Pilot honored for giving up his life for villagers

By Jessie Tao (chinadaily.com.cn)
Updated: 2007-01-05 15:53

On December 21, 2006, Li, a pilot with the Lanzhou Air Force Area in northwest China's Gansu Province, was posthumously awarded a first-class merit and a gold medal for pilots, the highest honor a for a pilot, reported Zhengzhou Evening News Friday.

li jianying
Pictured in this undated photo is Li Jianying sitting in a fighter jet. [Zhengzhou Evening News/file]
For Li Jianying (Code-name 639), November 14, 2006, which dawned clear, sunny and windless, was a good day for a flight.

In the morning, he got in his fighter plane, and carried out a midair cruise mission together with one of his comrades in another jet of the same model. As he was descending in his jet, a flock of pigeons ran into the jet, disrupting the engine.

He immediately radioed is commander a series of three messages starting at 12:04, first that "Birds ran into my jet," then "I may be able to do a forced landing. I'll take back the undercarriage," followed by his last message of "I've taken back the undercarriage. Forced landing."

The plane exploded seven minutes later.

Generally in such cases a pilot would choose to bail out of the plane. Li showed no signs of panic in his communication with the command center. Then why did Li, who had 22 years of experience in flying fighter jets, decide not to bail out and instead attempt a more dangerous forced landing?

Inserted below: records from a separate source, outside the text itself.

(* Fix $q\in V(G)$ and let $D\in\operatorname{Div}(G)$. Then $D$ is $q$-reduced if and only if $D\in|D|_q$ and $\mathcal{E}_q(D)<\mathcal{E}_q(D')$ for every $D'\in|D|_q$ with $D'\ne D$.
   Context: $G$ is a finite connected multigraph without loop edges, with vertex set $V(G)$ and edge set $E(G)$. A divisor is an element $D=\sum_{v}D(v)(v)$ of the free abelian group $\operatorname{Div}(G)$ on $V(G)$; $\deg(D)=\sum_vD(v)$. The Laplacian $\Delta$ sends a function $f:V(G)\to\mathbb{Q}$ to $\Delta(f)=\sum_v\Delta_v(f)(v)$ with $\Delta_v(f)=\sum_{\{v,w\}\in E(G)}(f(v)-f(w))$ (edges counted with multiplicity). $D_1\sim D_2$ means $D_1-D_2=\Delta(f)$ for some integer-valued $f$. For $q\in V(G)$, $|D|_q=\{E\in\operatorname{Div}(G): E\sim D,\ E(v)\ge 0\text{ for all }v\ne q\}$. For $A\subseteq V(G)$ and $v\in A$, $\operatorname{outdeg}_A(v)$ is the number of edges joining $v$ to $V(G)\setminus A$. A divisor $D$ is $q$-reduced if (i) $D(v)\ge 0$ for all $v\ne q$, and (ii) for every non-empty $A\subseteq V(G)\setminus\{q\}$ there is $v\in A$ with $D(v)<\operatorname{outdeg}_A(v)$. $Q$ is the Laplacian matrix with respect to a labeling of $V(G)$. For degree-zero divisors $D_1,D_2$, the energy pairing is $\langle D_1,D_2\rangle=[D_1]^TL[D_2]$ for any generalized inverse $L$ of $Q$ ($QLQ=Q$), independent of $L$. For divisors $D,E$, $\langle D,E\rangle_q=\langle D-\deg(D)(q),\,E-\deg(E)(q)\rangle$ and $\mathcal{E}_q(D)=\langle D,D\rangle_q$. *)

theory Defs
  imports Complex_Main
begin

text \<open>A finite multigraph on the vertex type 'v (V(G) = UNIV), given by an edge
multiplicity function m: m v w = number of edges joining v and w.\<close>

definition multigraph :: "('v::finite \<Rightarrow> 'v \<Rightarrow> nat) \<Rightarrow> bool" where
  "multigraph m \<longleftrightarrow> (\<forall>v w. m v w = m w v) \<and> (\<forall>v. m v v = 0)"

definition connected_mg :: "('v::finite \<Rightarrow> 'v \<Rightarrow> nat) \<Rightarrow> bool" where
  "connected_mg m \<longleftrightarrow> (\<forall>u w. (u, w) \<in> {(a, b). 0 < m a b}\<^sup>*)"

type_synonym 'v divisor = "'v \<Rightarrow> int"

definition deg :: "'v::finite divisor \<Rightarrow> int" where
  "deg D = (\<Sum>v\<in>UNIV. D v)"

definition laplacian :: "('v::finite \<Rightarrow> 'v \<Rightarrow> nat) \<Rightarrow> ('v \<Rightarrow> int) \<Rightarrow> 'v divisor" where
  "laplacian m f = (\<lambda>v. \<Sum>w\<in>UNIV. int (m v w) * (f v - f w))"

definition lin_equiv :: "('v::finite \<Rightarrow> 'v \<Rightarrow> nat) \<Rightarrow> 'v divisor \<Rightarrow> 'v divisor \<Rightarrow> bool" where
  "lin_equiv m D1 D2 \<longleftrightarrow> (\<exists>f::'v \<Rightarrow> int. (\<lambda>v. D1 v - D2 v) = laplacian m f)"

According to investigators, there were 814 households in 7 rural villages, an expressway toll station, and a tile workshop within the area between the point where the pigeons ran into the jet and the crash site. Therefore, if Li jumped directly without adjusting the parachute, the fighter jet might have crashed into the villages, posing a threat to the villagers' lives and public properties.

"There were over 800 liters of aviation oil, more than 120 airborne shells, a rocket, and inflammable oxygen cylinders. If the jet went out of control after the pilot bailed, it would have been like a bomb going off, causing unimaginable loss," said Li Shaohua, a department head of the Lanzhou Air Force Area.

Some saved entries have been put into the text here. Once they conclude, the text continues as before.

(* For all multidistributions $\mu,\nu$ on configurations, real $w\ge0$, expectation $f$ and $c\in\{\mathit{true},\mathit{false}\}$: if $\mu\Rightarrow_w\nu$ (one step of the lifted relation on multidistributions), then \[ \mathbb{E}_\mu(e_c(f)) \;\ge\; [c]\cdot w + \mathbb{E}_\nu(e_c(f)). \]
   Context: Let $\mathrm{Var}$ be a finite set of integer-valued variables and $\Sigma = \mathrm{Var}\to\mathbb{Z}$ the set of stores; $\sigma[x\mapsto i]$ is the store updated at $x$. Boolean expressions $\varphi$ are evaluated on stores ($\sigma\models\varphi$). A distribution expression $d$ assigns to each store $\sigma$ a probability distribution $d(\sigma)$ on $\mathbb{Z}$. Commands: $C,D ::= \mathtt{skip} \mid \mathtt{tick}(r) \mid \mathtt{halt} \mid x :\approx d \mid \mathtt{if}_{[\psi]}(\varphi)\{C\}\{D\} \mid \mathtt{while}_{[\psi]}(\varphi)\{C\} \mid C \,\square\, D \mid C \oplus_p D \mid C;D$, with $r$ a nonnegative rational, $p\in[0,1]$. Expectations are functions $f:\Sigma\to[0,\infty]$, with pointwise operations, $\mathbf{r}$ the constant $r$, $[\varphi](\sigma)\in\{0,1\}$ the indicator, $[c]=1$ if $c=\mathit{true}$ and $0$ otherwise, $0\cdot\infty=0$. Transformer $\mathsf{et}_c$: $\mathsf{et}_c[\mathtt{skip}](f)=f$; $\mathsf{et}_c[\mathtt{tick}(r)](f)=[c]\cdot\mathbf{r}+f$; $\mathsf{et}_c[\mathtt{halt}](f)=\mathbf{0}$; $\mathsf{et}_c[x:\approx d](f)=\lambda\sigma.\sum_{i} d(\sigma)(i)\, f(\sigma[x\mapsto i])$; $\mathsf{et}_c[\mathtt{if}_{[\psi]}(\varphi)\{C\}\{D\}](f)=[\psi\wedge\varphi]\cdot\mathsf{et}_c[C](f)+[\psi\wedge\neg\varphi]\cdot\mathsf{et}_c[D](f)$; $\mathsf{et}_c[\mathtt{while}_{[\psi]}(\varphi)\{C\}](f)=\mathrm{lfp}\,F.\ [\psi\wedge\varphi]\cdot\mathsf{et}_c[C](F)+[\psi\wedge\neg\varphi]\cdot f$ (least fixed point, pointwise order); $\mathsf{et}_c[C\,\square\,D](f)=\max(\mathsf{et}_c[C](f),\mathsf{et}_c[D](f))$; $\mathsf{et}_c[C\oplus_p D](f)=\mathbf{p}\cdot\mathsf{et}_c[C](f)+\mathbf{(1-p)}\cdot\mathsf{et}_c[D](f)$; $\mathsf{et}_c[C;D](f)=\mathsf{et}_c[C](\mathsf{et}_c[D](f))$. Configurations: $\mathrm{Conf}=(\mathrm{Cmd}\times\Sigma)\cup\Sigma\cup\{\bot\}$; an active configuration is written $\langle C,\sigma\rangle$. A multidistribution on a set $A$ is a countable multiset $\mu$ of pairs $q:a$ with $a\in A$, $0<q\le1$, and $\sum_{q:a\in\mu}q\le1$; $\mathbb{E}_\mu(g)=\sum_{q:a\in\mu}q\cdot g(a)$ (with multiplicity). For $0<p\le1$, $p\cdot\{q_i:a_i\}_i=\{p q_i:a_i\}_i$, and for a countable family with $p_i>0$, $\sum_ip_i\le1$, $\biguplus_i p_i\cdot\mu_i$ is the multiset union of the $p_i\cdot\mu_i$. For $h:A\to B$, $\overline h(\{q_i:a_i\}_i)=\{q_i:h(a_i)\}_i$. A configuration $\gamma$ is identified with $\{1:\gamma\}$; entries with probability $0$ are omitted. The one-step relation $\gamma\to_w\mu$ is the least relation closed under: $\langle\mathtt{skip},\sigma\rangle\to_0\sigma$; $\langle\mathtt{tick}(r),\sigma\rangle\to_r\sigma$; $\langle\mathtt{halt},\sigma\rangle\to_0\bot$; $\langle x:\approx d,\sigma\rangle\to_0\{d(\sigma)(i):\sigma[x\mapsto i]\mid d(\sigma)(i)>0\}$; $\langle\mathtt{if}_{[\psi]}(\varphi)\{C\}\{D\},\sigma\rangle\to_0\langle C,\sigma\rangle$ if $\sigma\models\psi\wedge\varphi$, $\to_0\langle D,\sigma\rangle$ if $\sigma\models\psi\wedge\neg\varphi$, $\to_0\bot$ if $\sigma\models\neg\psi$; $\langle\mathtt{while}_{[\psi]}(\varphi)\{C\},\sigma\rangle\to_0\langle C;\mathtt{while}_{[\psi]}(\varphi)\{C\},\sigma\rangle$ if $\sigma\models\psi\wedge\varphi$, $\to_0\sigma$ if $\sigma\models\psi\wedge\neg\varphi$, $\to_0\bot$ if $\sigma\models\neg\psi$; $\langle C\,\square\,D,\sigma\rangle\to_0\langle C,\sigma\rangle$ and $\to_0\langle D,\sigma\rangle$; $\langle C\oplus_pD,\sigma\rangle\to_0\{p:\langle C,\sigma\rangle,1-p:\langle D,\sigma\rangle\}$; if $\langle C,\sigma\rangle\to_r\mu$ then $\langle C;D,\sigma\rangle\to_r\overline{\kappa_D}(\mu)$, where $\kappa_D(\langle C',\sigma'\rangle)=\langle C';D,\sigma'\rangle$, $\kappa_D(\sigma')=\langle D,\sigma'\rangle$, $\kappa_D(\bot)=\bot$. The lifted relation $\mu\Rightarrow_w\nu$ on multidistributions is the least relation with: $\mu\Rightarrow_0\mu$; $\{1:\gamma\}\Rightarrow_w\mu$ whenever $\gamma\to_w\mu$; and if $\mu_i\Rightarrow_{w_i}\nu_i$ for all $i$ in a countable index set $I$, $p_i>0$, $\sum_ip_i\le1$, then $\biguplus_ip_i\cdot\mu_i\Rightarrow_{w}\biguplus_ip_i\cdot\nu_i$ with $w=\sum_ip_iw_i$. For an expectation $f$, $e_c(f):\mathrm{Conf}\to[0,\infty]$ is defined by $e_c(f)(\langle C,\sigma\rangle)=\mathsf{et}_c[C](f)(\sigma)$, $e_c(f)(\sigma)=f(\sigma)$, $e_c(f)(\bot)=0$. *)

theory Defs
  imports "HOL-Analysis.Analysis" "HOL-Probability.Probability_Mass_Function"
begin

type_synonym 'v store = "'v \<Rightarrow> int"

datatype 'v cmd =
    Skip
  | Tick rat
  | Halt
  | Assign 'v "'v store \<Rightarrow> int pmf"
  | If "'v store \<Rightarrow> bool" "'v store \<Rightarrow> bool" "'v cmd" "'v cmd"
  | While "'v store \<Rightarrow> bool" "'v store \<Rightarrow> bool" "'v cmd"
  | NDet "'v cmd" "'v cmd"
  | PChoice "'v cmd" real "'v cmd"
  | Seq "'v cmd" "'v cmd"

fun wf_cmd :: "'v cmd \<Rightarrow> bool" where
  "wf_cmd Skip = True"
| "wf_cmd (Tick r) = (r \<ge> 0)"
| "wf_cmd Halt = True"
| "wf_cmd (Assign x d) = True"
| "wf_cmd (If \<psi> \<phi> C D) = (wf_cmd C \<and> wf_cmd D)"
| "wf_cmd (While \<psi> \<phi> C) = wf_cmd C"
| "wf_cmd (NDet C D) = (wf_cmd C \<and> wf_cmd D)"
| "wf_cmd (PChoice C p D) = (0 \<le> p \<and> p \<le> 1 \<and> wf_cmd C \<and> wf_cmd D)"
| "wf_cmd (Seq C D) = (wf_cmd C \<and> wf_cmd D)"

type_synonym 'v expect = "'v store \<Rightarrow> ennreal"

definition ind :: "bool \<Rightarrow> ennreal" where
  "ind b = (if b then 1 else 0)"

primrec et :: "bool \<Rightarrow> 'v cmd \<Rightarrow> 'v expect \<Rightarrow> 'v expect" where
  "et c Skip f = f"
| "et c (Tick r) f = (\<lambda>\<sigma>. ind c * ennreal (real_of_rat r) + f \<sigma>)"
| "et c Halt f = (\<lambda>\<sigma>. 0)"
| "et c (Assign x d) f =
     (\<lambda>\<sigma>. \<Sum>\<^sub>\<infinity> i. ennreal (pmf (d \<sigma>) i) * f (\<sigma>(x := i)))"
| "et c (If \<psi> \<phi> C D) f =
     (\<lambda>\<sigma>. ind (\<psi> \<sigma> \<and> \<phi> \<sigma>) * et c C f \<sigma> + ind (\<psi> \<sigma> \<and> \<not> \<phi> \<sigma>) * et c D f \<sigma>)"
| "et c (While \<psi> \<phi> C) f =
     lfp (\<lambda>F. \<lambda>\<sigma>. ind (\<psi> \<sigma> \<and> \<phi> \<sigma>) * et c C F \<sigma> + ind (\<psi> \<sigma> \<and> \<not> \<phi> \<sigma>) * f \<sigma>)"
| "et c (NDet C D) f = (\<lambda>\<sigma>. max (et c C f \<sigma>) (et c D f \<sigma>))"
| "et c (PChoice C p D) f =
     (\<lambda>\<sigma>. ennreal p * et c C f \<sigma> + ennreal (1 - p) * et c D f \<sigma>)"
| "et c (Seq C D) f = et c C (et c D f)"

datatype 'v conf = Active "'v cmd" "'v store" | Term "'v store" | Bot

fun wf_conf :: "'v conf \<Rightarrow> bool" where
  "wf_conf (Active C \<sigma>) = wf_cmd C"
| "wf_conf (Term \<sigma>) = True"
| "wf_conf Bot = True"

text \<open>A countable multiset of pairs q:a is represented by its multiplicity function
  (each pair has finite multiplicity since q > 0 and the total mass is at most 1).\<close>
type_synonym 'a md = "real \<times> 'a \<Rightarrow> nat"

definition is_mdist :: "'a md \<Rightarrow> bool" where
  "is_mdist m \<longleftrightarrow>
     (\<forall>q a. m (q, a) > 0 \<longrightarrow> 0 < q \<and> q \<le> 1) \<and>
     (\<lambda>x. real (m x) * fst x) summable_on UNIV \<and>
     (\<Sum>\<^sub>\<infinity> x. real (m x) * fst x) \<le> 1"

definition mdist_conf :: "'v conf md \<Rightarrow> bool" where
  "mdist_conf m \<longleftrightarrow> is_mdist m \<and> (\<forall>q a. m (q, a) > 0 \<longrightarrow> wf_conf a)"

definition md_exp :: "'a md \<Rightarrow> ('a \<Rightarrow> ennreal) \<Rightarrow> ennreal" where
  "md_exp m g = (\<Sum>\<^sub>\<infinity> x. of_nat (m x) * ennreal (fst x) * g (snd x))"

definition md_unit :: "'a \<Rightarrow> 'a md" where
  "md_unit a = (\<lambda>(q, b). if q = 1 \<and> b = a then 1 else 0)"

definition md_pair :: "real \<Rightarrow> 'a \<Rightarrow> 'a \<Rightarrow> 'a md" where
  "md_pair p a b = (\<lambda>(q, x).
     (if p > 0 \<and> q = p \<and> x = a then 1 else 0) +
     (if 1 - p > 0 \<and> q = 1 - p \<and> x = b then 1 else 0))"

definition md_map :: "('a \<Rightarrow> 'b) \<Rightarrow> 'a md \<Rightarrow> 'b md" where
  "md_map h m = (\<lambda>(q, b). \<Sum>\<^sub>\<infinity> a\<in>{a. h a = b}. m (q, a))"

text \<open>\<open>\<Uplus>\<^sub>i\<in>I p\<^sub>i \<cdot> \<mu>\<^sub>i\<close>: the entry q:a of \<open>\<mu>\<^sub>i\<close> becomes \<open>p\<^sub>i q : a\<close>.\<close>
definition md_union :: "nat set \<Rightarrow> (nat \<Rightarrow> real) \<Rightarrow> (nat \<Rightarrow> 'a md) \<Rightarrow> 'a md" where
  "md_union I p M = (\<lambda>(q, a). \<Sum>\<^sub>\<infinity> i\<in>I. M i (q / p i, a))"

fun kappa :: "'v cmd \<Rightarrow> 'v conf \<Rightarrow> 'v conf" where
  "kappa D (Active C' \<sigma>') = Active (Seq C' D) \<sigma>'"
| "kappa D (Term \<sigma>') = Active D \<sigma>'"
| "kappa D Bot = Bot"

inductive cstep :: "'v conf \<Rightarrow> real \<Rightarrow> 'v conf md \<Rightarrow> bool" where
  skip: "cstep (Active Skip \<sigma>) 0 (md_unit (Term \<sigma>))"
| tick: "cstep (Active (Tick r) \<sigma>) (real_of_rat r) (md_unit (Term \<sigma>))"
| halt: "cstep (Active Halt \<sigma>) 0 (md_unit Bot)"
| assign: "cstep (Active (Assign x d) \<sigma>) 0
     (\<lambda>(q, a). card {i. pmf (d \<sigma>) i > 0 \<and> q = pmf (d \<sigma>) i \<and> a = Term (\<sigma>(x := i))})"
| if_t: "\<psi> \<sigma> \<and> \<phi> \<sigma> \<Longrightarrow> cstep (Active (If \<psi> \<phi> C D) \<sigma>) 0 (md_unit (Active C \<sigma>))"
| if_f: "\<psi> \<sigma> \<and> \<not> \<phi> \<sigma> \<Longrightarrow> cstep (Active (If \<psi> \<phi> C D) \<sigma>) 0 (md_unit (Active D \<sigma>))"
| if_bot: "\<not> \<psi> \<sigma> \<Longrightarrow> cstep (Active (If \<psi> \<phi> C D) \<sigma>) 0 (md_unit Bot)"
| while_t: "\<psi> \<sigma> \<and> \<phi> \<sigma> \<Longrightarrow>
     cstep (Active (While \<psi> \<phi> C) \<sigma>) 0 (md_unit (Active (Seq C (While \<psi> \<phi> C)) \<sigma>))"
| while_f: "\<psi> \<sigma> \<and> \<not> \<phi> \<sigma> \<Longrightarrow> cstep (Active (While \<psi> \<phi> C) \<sigma>) 0 (md_unit (Term \<sigma>))"
| while_bot: "\<not> \<psi> \<sigma> \<Longrightarrow> cstep (Active (While \<psi> \<phi> C) \<sigma>) 0 (md_unit Bot)"
| ndet_l: "cstep (Active (NDet C D) \<sigma>) 0 (md_unit (Active C \<sigma>))"
| ndet_r: "cstep (Active (NDet C D) \<sigma>) 0 (md_unit (Active D \<sigma>))"
| pchoice: "cstep (Active (PChoice C p D) \<sigma>) 0 (md_pair p (Active C \<sigma>) (Active D \<sigma>))"
| seq: "cstep (Active C \<sigma>) r \<mu> \<Longrightarrow> cstep (Active (Seq C D) \<sigma>) r (md_map (kappa D) \<mu>)"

Zhao Linsheng, a local villager, was working in the field when the plane crashed.

"I heard the noise from above in the sky, and saw a plane flying slowly at a low altitude. I thought something must have gone wrong with it. Shortly after, it landed and slid a long way forward before hitting the river bank," he said, "Black smoke billowed, and then there was a blast."

"There were two adjacent villages right below the plane, and many villagers were working in the fields. If Li hadn't made the forced landing, many of them would have died or been injured," Zhao added.

Li Jianying
Investigators and local villagers at the crash site. [Zhengzhou Evening News]

Continuous explosions lasted more than two hours, and some witnesses were only 20 meters away from the explosion. Fortunately, no one was injured.

Zhao told the paper many villagers have since come to mourn Li at the crash site.

"Villagers here really appreciate what Li did to save them from disaster, and they are circulating the story among themselves. Now, the whole neighborhood knows of Li's heroic act, " Kang Fahui, a deputy party secretary of a local town, was quoted as saying.

Scattered blood stains and feathers were later found on the bullet-proof glass of the cabinet, and the bodies of the pigeons were found along the way.

"Had he chosen to bail out, Li could have saved his own life. But for the sake of other people's life and property, he chose to die a martyr," Hu Xiaodong, who witnessed the whole process as the commander and team head, told the paper.

Li was born to a farmer's family in Zhengzhou, Central China's Henan Province in May 1964. Li was known for his toughness and work ethic. He joined the army in 1982, and served as air force caption and first-class pilot before his death. During his 22-year flying career, Li flew 5,003 times registering 2,389 hours of safe flights, and was awarded third-class and second-class honors.